lemma nn_integral_gev_r_measure_last:
  assumes G: "G \<in> borel_measurable borel" "\<And>t. 0 \<le> G t"
  shows "(\<integral>\<^sup>+y. ennreal (G (gev_T mu \<sigma> xi (y (Suc n)))) \<partial>gev_r_measure (Suc n) mu \<sigma> xi)
       = (\<integral>\<^sup>+t. ennreal (erlang_density n 1 t * G t) \<partial>lborel)"
proof -
  let ?w = "gev_weight mu \<sigma> xi" and ?T = "gev_T mu \<sigma> xi"
  let ?f = "\<lambda>y. ennreal (gev_r_density (Suc n) mu \<sigma> xi y * G (?T (y (Suc n))))"
  note [measurable] = G(1) borel_measurable_gev_r_density[OF \<sigma>_pos]
  have "(\<integral>\<^sup>+y. ennreal (G (?T (y (Suc n)))) \<partial>gev_r_measure (Suc n) mu \<sigma> xi)
      = (\<integral>\<^sup>+y. ?f y \<partial>PiM {1..Suc n} (\<lambda>_. lborel))"
    by (rule nn_integral_gev_r_measure) (measurable, simp add: G(2))
  also have "\<dots> = (\<integral>\<^sup>+u. (\<integral>\<^sup>+y. ?f (y(Suc n := u)) \<partial>PiM {1..n} (\<lambda>_. lborel)) \<partial>lborel)"
    by (rule nn_integral_PiM_Suc_inner) measurable
  also have "\<dots> = (\<integral>\<^sup>+u. ennreal (?w u * (exp (- ?T u) * G (?T u) * (?T u ^ n / fact n))) \<partial>lborel)"
  proof (intro nn_integral_cong)
    fix u
    have "(\<integral>\<^sup>+y. ?f (y(Suc n := u)) \<partial>PiM {1..n} (\<lambda>_. lborel))
        = (\<integral>\<^sup>+y. ennreal (G (?T u)) * ennreal (gev_r_density (Suc n) mu \<sigma> xi (y(Suc n := u)))
            \<partial>PiM {1..n} (\<lambda>_. lborel))"
      using G(2) by (intro nn_integral_cong) (simp add: ennreal_mult'[symmetric] mult.commute)
    also have "\<dots> = ennreal (G (?T u))
        * (\<integral>\<^sup>+y. ennreal (gev_r_density (Suc n) mu \<sigma> xi (y(Suc n := u))) \<partial>PiM {1..n} (\<lambda>_. lborel))"
      unfolding gev_r_density_Suc_fun_upd by (rule nn_integral_cmult) measurable
    also have "\<dots> = ennreal (G (?T u)) * ennreal (?w u * (exp (- ?T u) * (?T u ^ n / fact n)))"
      by (simp only: nn_integral_gev_r_density_fun_upd)
    also have "\<dots> = ennreal (?w u * (exp (- ?T u) * G (?T u) * (?T u ^ n / fact n)))"
      using G(2) by (simp add: ennreal_mult'[symmetric] mult_ac)
    finally show "(\<integral>\<^sup>+y. ?f (y(Suc n := u)) \<partial>PiM {1..n} (\<lambda>_. lborel))
        = ennreal (?w u * (exp (- ?T u) * G (?T u) * (?T u ^ n / fact n)))" .
  qed
  also have "\<dots> = (\<integral>\<^sup>+t. ennreal (indicator {0<..} t * (exp (- t) * G t * (t ^ n / fact n))) \<partial>lborel)"
    using G by (intro nn_integral_gev_weight[OF \<sigma>_pos]) auto
  also have "\<dots> = (\<integral>\<^sup>+t. ennreal (erlang_density n 1 t * G t) \<partial>lborel)"
  proof (rule nn_integral_cong_AE)
    show "AE t in lborel. ennreal (indicator {0<..} t * (exp (- t) * G t * (t ^ n / fact n)))
        = ennreal (erlang_density n 1 t * G t)"
      using AE_lborel_singleton[of 0]
      by eventually_elim (auto simp: indicator_def erlang_density_def mult_ac)
  qed
  finally show ?thesis .
qed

_Exercise_:
The range runs from the line above containing "ennreal (G (?T (y" to the line containing "(\<integral>\<^sup>+u. (\<integral>\<^sup>+y. ?f", inclusive. Restate those lines word for word and no others.

_Worked solution_:
  have "(\<integral>\<^sup>+y. ennreal (G (?T (y (Suc n)))) \<partial>gev_r_measure (Suc n) mu \<sigma> xi)
      = (\<integral>\<^sup>+y. ?f y \<partial>PiM {1..Suc n} (\<lambda>_. lborel))"
    by (rule nn_integral_gev_r_measure) (measurable, simp add: G(2))
  also have "\<dots> = (\<integral>\<^sup>+u. (\<integral>\<^sup>+y. ?f (y(Suc n := u)) \<partial>PiM {1..n} (\<lambda>_. lborel)) \<partial>lborel)"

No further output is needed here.